Get PDF Region Text

Gets the text of a region of the PDF file, using the OCR method, according to the specified coordinates.

Command availability: IBM RPA SaaS and IBM RPA on premises

Script syntax

IBM RPA's proprietary scripting language has a syntax similar to other programming languages. The script syntax defines the command's syntax in the script file. You can work with this syntax in IBM RPA Studio's Script mode.

pdfRegionText --region(Rectangle) --language(String) [--autodetect(Boolean)] [--useocr(Boolean)] --ocrprovider(Nullable<OpticalCharacterRecognitionProvider>) [--googlevisionclientsecret(String)] --page(Numeric) --dpix(Numeric) --dpiy(Numeric) --file(Pdf) (String)=value

Input parameter

The following table displays the list of input parameters available in this command. In the table, you can see the parameter name when working in IBM RPA Studio's Script mode and its Designer mode equivalent label.

Designer mode label Script mode name Required Accepted variable types Description
OCR Provider ocrprovider Required OpticalCharacterRecognitionProvider Text recognition method to use.
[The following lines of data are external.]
(* The functor $i_\ell:\mathbf{Gr}\to\mathbf{Gr}_\ell$, which is left Quillen as the left adjoint of $(-)^\circ$ for the Matsushita model structures, is also right Quillen (for the same model structures), i.e. it preserves fibrations and trivial fibrations.
   Context: A simplicial complex consists of a vertex set and a collection of nonempty finite subsets (simplices) containing all singletons and closed under nonempty subsets; maps are vertex functions preserving simplices; $\mathbf{Cpx}$ is the category. $\mathbf{Gr}$ (reflexive graphs) is the full subcategory of complexes whose simplices have at most two elements; $\mathrm{C}\ell:\mathbf{Gr}\to\mathbf{Cpx}$ is the clique complex functor. $\mathbf{\Delta}^n$ is the complex on $\{0,\dots,n\}$ with all nonempty subsets simplices, $\mathrm{Sing}(K)_n=\mathbf{Cpx}(\mathbf{\Delta}^n,K)$, $\mathrm{Ex}$ is the right adjoint of barycentric subdivision. Matsushita model structure on $\mathbf{Gr}$: $f$ is a weak equivalence iff $\mathrm{Sing}\,\mathrm{C}\ell(f)$ is a weak homotopy equivalence, a fibration iff $\mathrm{Ex}^2\mathrm{Sing}\,\mathrm{C}\ell(f)$ is a Kan fibration, cofibrations by left lifting against trivial fibrations. A loop graph is a set with a symmetric relation; maps preserve the relation; $\mathbf{Gr}_\ell$ is the category. $i_\ell$ regards a reflexive graph as a loop graph with every vertex looped; it has a left adjoint $(-)_\ell$ (add all loops) and a right adjoint $(-)^\circ$ (maximal reflexive subgraph, induced on looped vertices). Matsushita model structure on $\mathbf{Gr}_\ell$: $f$ is a weak equivalence (fibration) iff $f^\circ$ is one in $\mathbf{Gr}$; cofibrations by left lifting against trivial fibrations. *)

theory Defs
  imports "HOL-Analysis.Analysis" "HOL-Homology.Simplices"
begin

text \<open>A simplicial set: sets of n-simplices, and for every monotone
  theta : [m] -> [n] an action X_n -> X_m, written act m n theta.\<close>
record 'a sset =
  cells :: "nat \<Rightarrow> 'a set"
  act   :: "nat \<Rightarrow> nat \<Rightarrow> (nat \<Rightarrow> nat) \<Rightarrow> 'a \<Rightarrow> 'a"

definition mono_map :: "nat \<Rightarrow> nat \<Rightarrow> (nat \<Rightarrow> nat) \<Rightarrow> bool" where
  "mono_map m n \<theta> \<longleftrightarrow> (\<forall>i\<le>m. \<theta> i \<le> n) \<and> (\<forall>i j. i \<le> j \<and> j \<le> m \<longrightarrow> \<theta> i \<le> \<theta> j)"

definition coface :: "nat \<Rightarrow> nat \<Rightarrow> nat" where
  "coface i j = (if j < i then j else Suc j)"

definition face :: "'a sset \<Rightarrow> nat \<Rightarrow> nat \<Rightarrow> 'a \<Rightarrow> 'a" where
  "face X p i x = act X p (Suc p) (coface i) x"

text \<open>Kan fibration: right lifting property against all horn inclusions
  Lambda^(p+1)_k -> Delta^(p+1); maps out of the horn are written as compatible
  families of p-simplices (x_i) for i ~= k.\<close>
definition kan_fibration :: "'a sset \<Rightarrow> 'b sset \<Rightarrow> (nat \<Rightarrow> 'a \<Rightarrow> 'b) \<Rightarrow> bool" where
  "kan_fibration X Y f \<longleftrightarrow>
     (\<forall>p k xs y.
        k \<le> Suc p \<and>
        (\<forall>i\<le>Suc p. i \<noteq> k \<longrightarrow> xs i \<in> cells X p) \<and>
        (\<forall>i j. i < j \<and> j \<le> Suc p \<and> i \<noteq> k \<and> j \<noteq> k \<longrightarrow>
              face X (p - 1) i (xs j) = face X (p - 1) (j - 1) (xs i)) \<and>
        y \<in> cells Y (Suc p) \<and>
        (\<forall>i\<le>Suc p. i \<noteq> k \<longrightarrow> face Y p i y = f p (xs i))
      \<longrightarrow> (\<exists>x\<in>cells X (Suc p). (\<forall>i\<le>Suc p. i \<noteq> k \<longrightarrow> face X p i x = xs i)
                                 \<and> f (Suc p) x = y))"

text \<open>m-simplices of sd Delta^n = nerve of the poset of nonempty subsets of [n]:
  weakly increasing chains S_0 <= ... <= S_m.\<close>
definition sd_simplices :: "nat \<Rightarrow> nat \<Rightarrow> nat set list set" where
  "sd_simplices n m = {c. length c = Suc m \<and> (\<forall>i<Suc m. c ! i \<noteq> {} \<and> c ! i \<subseteq> {..n})
       \<and> (\<forall>i j. i \<le> j \<and> j < Suc m \<longrightarrow> c ! i \<subseteq> c ! j)}"

definition chain_act :: "nat \<Rightarrow> (nat \<Rightarrow> nat) \<Rightarrow> nat set list \<Rightarrow> nat set list" where
  "chain_act k \<psi> c = map (\<lambda>j. c ! \<psi> j) [0..<Suc k]"

text \<open>Ex X_n = Hom(sd Delta^n, X): natural families, extensional outside the chains.\<close>
definition Ex :: "'a sset \<Rightarrow> (nat \<Rightarrow> nat set list \<Rightarrow> 'a) sset" where
  "Ex X = \<lparr> cells = (\<lambda>n. {g.
        (\<forall>m c. c \<in> sd_simplices n m \<longrightarrow> g m c \<in> cells X m) \<and>
        (\<forall>k m \<psi> c. mono_map k m \<psi> \<and> c \<in> sd_simplices n m \<longrightarrow>
                     g k (chain_act k \<psi> c) = act X k m \<psi> (g m c)) \<and>
        (\<forall>m c. c \<notin> sd_simplices n m \<longrightarrow> g m c = undefined)}),
      act = (\<lambda>m n \<theta> g. (\<lambda>k c. if c \<in> sd_simplices m k then g k (map ((`) \<theta>) c) else undefined)) \<rparr>"

definition Ex_map :: "(nat \<Rightarrow> 'a \<Rightarrow> 'b) \<Rightarrow> nat \<Rightarrow> (nat \<Rightarrow> nat set list \<Rightarrow> 'a) \<Rightarrow> (nat \<Rightarrow> nat set list \<Rightarrow> 'b)" where
  "Ex_map f n g = (\<lambda>k c. if c \<in> sd_simplices n k then f k (g k c) else undefined)"

definition simplex_top :: "nat \<Rightarrow> (nat \<Rightarrow> real) topology" where
  "simplex_top n = subtopology (powertop_real UNIV) (standard_simplex n)"

definition push :: "nat \<Rightarrow> (nat \<Rightarrow> nat) \<Rightarrow> (nat \<Rightarrow> real) \<Rightarrow> (nat \<Rightarrow> real)" where
  "push m \<theta> t = (\<lambda>j. \<Sum>i\<in>{i. i \<le> m \<and> \<theta> i = j}. t i)"

definition real_pts :: "'a sset \<Rightarrow> (nat \<times> 'a \<times> (nat \<Rightarrow> real)) set" where
  "real_pts X = {(n, x, t). x \<in> cells X n \<and> t \<in> standard_simplex n}"

definition real_gen :: "'a sset \<Rightarrow> ((nat \<times> 'a \<times> (nat \<Rightarrow> real)) \<times> (nat \<times> 'a \<times> (nat \<Rightarrow> real))) set" where
  "real_gen X = {((m, act X m n \<theta> x, t), (n, x, push m \<theta> t)) | m n \<theta> x t.
                   mono_map m n \<theta> \<and> x \<in> cells X n \<and> t \<in> standard_simplex m}"

definition real_eq :: "'a sset \<Rightarrow> ((nat \<times> 'a \<times> (nat \<Rightarrow> real)) \<times> (nat \<times> 'a \<times> (nat \<Rightarrow> real))) set" where
  "real_eq X = (real_gen X \<union> (real_gen X)\<inverse>)\<^sup>*"

definition char_map :: "'a sset \<Rightarrow> nat \<Rightarrow> 'a \<Rightarrow> (nat \<Rightarrow> real) \<Rightarrow> (nat \<times> 'a \<times> (nat \<Rightarrow> real)) set" where
  "char_map X n x t = real_eq X `` {(n, x, t)}"

text \<open>|X| = (disjoint union of X_n x Delta^n)/~ with the colimit (weak) topology.\<close>
definition realization :: "'a sset \<Rightarrow> (nat \<times> 'a \<times> (nat \<Rightarrow> real)) set topology" where
  "realization X = topology (\<lambda>U. U \<subseteq> real_pts X // real_eq X \<and>
       (\<forall>n x. x \<in> cells X n \<longrightarrow>
          openin (simplex_top n) {t \<in> standard_simplex n. char_map X n x t \<in> U}))"

definition real_map :: "'a sset \<Rightarrow> 'b sset \<Rightarrow> (nat \<Rightarrow> 'a \<Rightarrow> 'b)
     \<Rightarrow> (nat \<times> 'a \<times> (nat \<Rightarrow> real)) set \<Rightarrow> (nat \<times> 'b \<times> (nat \<Rightarrow> real)) set" where
  "real_map X Y f q = real_eq Y `` ((\<lambda>(n, x, t). (n, f n x, t)) ` q)"

definition sphere_base :: "nat \<Rightarrow> real" where
  "sphere_base = (\<lambda>i. if i = 0 then 1 else 0)"

text \<open>Weak homotopy equivalence of spaces: bijection on path components and
  bijection (hence isomorphism) on all pi_n, n >= 1, at all base points.\<close>
definition weak_heq :: "'a topology \<Rightarrow> 'b topology \<Rightarrow> ('a \<Rightarrow> 'b) \<Rightarrow> bool" where
  "weak_heq X Y f \<longleftrightarrow> continuous_map X Y f \<and>
     (\<forall>y\<in>topspace Y. \<exists>x\<in>topspace X. path_component_of Y (f x) y) \<and>
     (\<forall>x1\<in>topspace X. \<forall>x2\<in>topspace X. path_component_of Y (f x1) (f x2) \<longrightarrow> path_component_of X x1 x2) \<and>
     (\<forall>n\<ge>1. \<forall>x\<in>topspace X.
        (\<forall>g. continuous_map (nsphere n) Y g \<and> g sphere_base = f x \<longrightarrow>
             (\<exists>h. continuous_map (nsphere n) X h \<and> h sphere_base = x \<and>
                  homotopic_with (\<lambda>k. k sphere_base = f x) (nsphere n) Y g (f \<circ> h))) \<and>
        (\<forall>h1 h2. continuous_map (nsphere n) X h1 \<and> h1 sphere_base = x \<and>
                 continuous_map (nsphere n) X h2 \<and> h2 sphere_base = x \<and>
                 homotopic_with (\<lambda>k. k sphere_base = f x) (nsphere n) Y (f \<circ> h1) (f \<circ> h2) \<longrightarrow>
                 homotopic_with (\<lambda>k. k sphere_base = x) (nsphere n) X h1 h2))"

definition sset_weq :: "'a sset \<Rightarrow> 'b sset \<Rightarrow> (nat \<Rightarrow> 'a \<Rightarrow> 'b) \<Rightarrow> bool" where
  "sset_weq X Y f \<longleftrightarrow> weak_heq (realization X) (realization Y) (real_map X Y f)"

type_synonym 'a complex = "'a set \<times> 'a set set"

text \<open>Sing(K)_n = Cpx(Delta^n, K); an n-simplex is a vertex function on {0..n},
  stored as a list of length n+1.\<close>
definition Sing :: "'a complex \<Rightarrow> 'a list sset" where
  "Sing K = \<lparr> cells = (\<lambda>n. {xs. length xs = Suc n \<and> (\<forall>i\<le>n. xs ! i \<in> fst K) \<and>
                         (\<forall>S. S \<noteq> {} \<and> S \<subseteq> {..n} \<longrightarrow> (\<lambda>i. xs ! i) ` S \<in> snd K)}),
              act = (\<lambda>m n \<theta> xs. map (\<lambda>j. xs ! \<theta> j) [0..<Suc m]) \<rparr>"

definition Sing_map :: "('a \<Rightarrow> 'b) \<Rightarrow> nat \<Rightarrow> 'a list \<Rightarrow> 'b list" where
  "Sing_map f n xs = map f xs"

type_synonym 'a graph = "'a set \<times> ('a \<Rightarrow> 'a \<Rightarrow> bool)"

definition loop_graph :: "'a graph \<Rightarrow> bool" where
  "loop_graph G \<longleftrightarrow> (\<forall>x y. snd G x y \<longrightarrow> x \<in> fst G \<and> y \<in> fst G) \<and>
                     (\<forall>x y. snd G x y \<longrightarrow> snd G y x)"

definition refl_graph :: "'a graph \<Rightarrow> bool" where
  "refl_graph G \<longleftrightarrow> loop_graph G \<and> (\<forall>x\<in>fst G. snd G x x)"

definition graph_map :: "'a graph \<Rightarrow> 'b graph \<Rightarrow> ('a \<Rightarrow> 'b) \<Rightarrow> bool" where
  "graph_map G H f \<longleftrightarrow> f ` fst G \<subseteq> fst H \<and> (\<forall>x y. snd G x y \<longrightarrow> snd H (f x) (f y))"

definition Cl :: "'a graph \<Rightarrow> 'a complex" where
  "Cl G = (fst G, {S. S \<noteq> {} \<and> finite S \<and> S \<subseteq> fst G \<and> (\<forall>a\<in>S. \<forall>b\<in>S. snd G a b)})"

definition weq_Gr :: "'a graph \<Rightarrow> 'b graph \<Rightarrow> ('a \<Rightarrow> 'b) \<Rightarrow> bool" where
  "weq_Gr G H f \<longleftrightarrow> sset_weq (Sing (Cl G)) (Sing (Cl H)) (Sing_map f)"

definition fib_Gr :: "'a graph \<Rightarrow> 'b graph \<Rightarrow> ('a \<Rightarrow> 'b) \<Rightarrow> bool" where
  "fib_Gr G H f \<longleftrightarrow> kan_fibration (Ex (Ex (Sing (Cl G)))) (Ex (Ex (Sing (Cl H))))
                                  (Ex_map (Ex_map (Sing_map f)))"

text \<open>i_l: a reflexive graph regarded as a loop graph (all vertices looped).\<close>
definition i_loop :: "'a graph \<Rightarrow> 'a graph" where
  "i_loop G = G"

text \<open>(-)^o: maximal reflexive subgraph, induced on the looped vertices; on maps f^o is
  the restriction of f.\<close>
definition core :: "'a graph \<Rightarrow> 'a graph" where
  "core G = ({v \<in> fst G. snd G v v}, (\<lambda>x y. snd G x y \<and> snd G x x \<and> snd G y y))"

definition weq_Grl :: "'a graph \<Rightarrow> 'b graph \<Rightarrow> ('a \<Rightarrow> 'b) \<Rightarrow> bool" where
  "weq_Grl G H f \<longleftrightarrow> weq_Gr (core G) (core H) f"

definition fib_Grl :: "'a graph \<Rightarrow> 'b graph \<Rightarrow> ('a \<Rightarrow> 'b) \<Rightarrow> bool" where
  "fib_Grl G H f \<longleftrightarrow> fib_Gr (core G) (core H) f"

end

theory Submission
  imports Defs
begin

text \<open>Fibrations and weak equivalences of \<open>Gr\<^sub>\<ell>\<close> are created by \<open>(-)\<degree>\<close>, and
  \<open>(-)\<degree> \<circ> i\<^sub>\<ell>\<close> is the identity on reflexive graphs, since every vertex of a
  reflexive graph is already looped. Hence \<open>i\<^sub>\<ell> f\<close> is a (trivial) fibration
  exactly when \<open>f\<close> is one.\<close>

lemma core_refl_graph:
  assumes "refl_graph G"
  shows "core G = G"
proof -
  obtain V E where G: "G = (V, E)" by (cases G)
  have "{v \<in> V. E v v} = V"
    using assms G by (auto simp: refl_graph_def)
  moreover have "(\<lambda>x y. E x y \<and> E x x \<and> E y y) = E"
    using assms G by (fastforce simp: refl_graph_def loop_graph_def)
  ultimately show ?thesis by (simp add: core_def G)
qed

lemma core_i_loop: "refl_graph G \<Longrightarrow> core (i_loop G) = G"
  by (simp add: i_loop_def core_refl_graph)

lemma fib_Grl_i_loop_iff:
  "refl_graph G \<Longrightarrow> refl_graph H \<Longrightarrow> fib_Grl (i_loop G) (i_loop H) f \<longleftrightarrow> fib_Gr G H f"
  by (simp add: fib_Grl_def core_i_loop)

lemma weq_Grl_i_loop_iff:
  "refl_graph G \<Longrightarrow> refl_graph H \<Longrightarrow> weq_Grl (i_loop G) (i_loop H) f \<longleftrightarrow> weq_Gr G H f"
  by (simp add: weq_Grl_def core_i_loop)

theorem lemma5p18:
  fixes G :: "'a graph" and H :: "'b graph" and f :: "'a \<Rightarrow> 'b"
  assumes "refl_graph G" and "refl_graph H" and "graph_map G H f"
  shows "(fib_Gr G H f \<longrightarrow> fib_Grl (i_loop G) (i_loop H) f) \<and>
         (fib_Gr G H f \<and> weq_Gr G H f \<longrightarrow>
            fib_Grl (i_loop G) (i_loop H) f \<and> weq_Grl (i_loop G) (i_loop H) f)"
  using fib_Grl_i_loop_iff[OF assms(1,2)] weq_Grl_i_loop_iff[OF assms(1,2)]
  by blast

end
See the ocrprovider parameter options
API Parameters googlevisionclientsecret Optional Text The absolute path to the JSON file containing the API parameters. Refer to the Google Cloud Vision™External Link documentation for details about the JSON format.
Region region Required Rectangle Region that delimits the location in the PDF file from where the text should be obtained. The region is made up of the coordinates X and Y, in addition to the width and height. To obtain the region of the file, use the IBM RPA Studio Region Selector, located in the upper menu: "Tools> Pdf> Region Selector".
Auto Detect autodetect Optional Boolean When enabled, it automatically selects the OCR provider used to obtain text from a PDF file.
Use OCR useocr Optional Boolean When enabled, it allows the OCR provider to be selected to retrieve the text.
Page page Required Number Number of the page from which the text should be retrieved.
DpiX dpix Required Number Number of pixels per inch on the horizontal axis of the PDF file.
DpiY dpiy Required Number Number of pixels per inch on the vertical axis of the PDF file.
File file Required PDF Full path to the PDF file from which the text should be retrieved.
Clear trailing line breaks sanitize Optional when the OCR Provider parameter is Abbyy Boolean Trims the result text, removing trailing Unicode line break characters.
Language cultureformat Required Text, Culture Language in which the value to be obtained is written.

For supported languages see Supported languages.

ocrprovider parameter options

The following table displays the options available for the ocrprovider input parameter. The table shows the options available when working in Script mode and the equivalent label in the Designer mode.

Designer mode label Script mode name Description
Abbyy Abbyy Abbyy OCR Provider
Google Google Google Tesseract OCR provider.
Google Cloud Vision GoogleVision Google Cloud Vision API.

Output parameter

Designer mode label Script mode name Accepted variable types Description
Value text Text Returns the text retrieved from the specified region of the PDF.

Example

The Get PDF Region Text command obtains the text "Bill To, Lucas Lima" from a PDF file, from a specific region.

defVar --name pdfFile --type Pdf
defVar --name obtainedText --type String
// Use a PDF file.
pdfOpen --file "fileForPDFCommands.pdf" pdfFile=value
// Enter the parameters according to the coordinates of your PDF file.
pdfRegionText --region "158,258,136,86" --language "eng" --page 1 --dpix 110 --dpiy 110 --file ${pdfFile} obtainedText=value
logMessage --message "Text obtained from the specified region: ${obtainedText}" --type "Info"
// The obtained text is displayed in the console.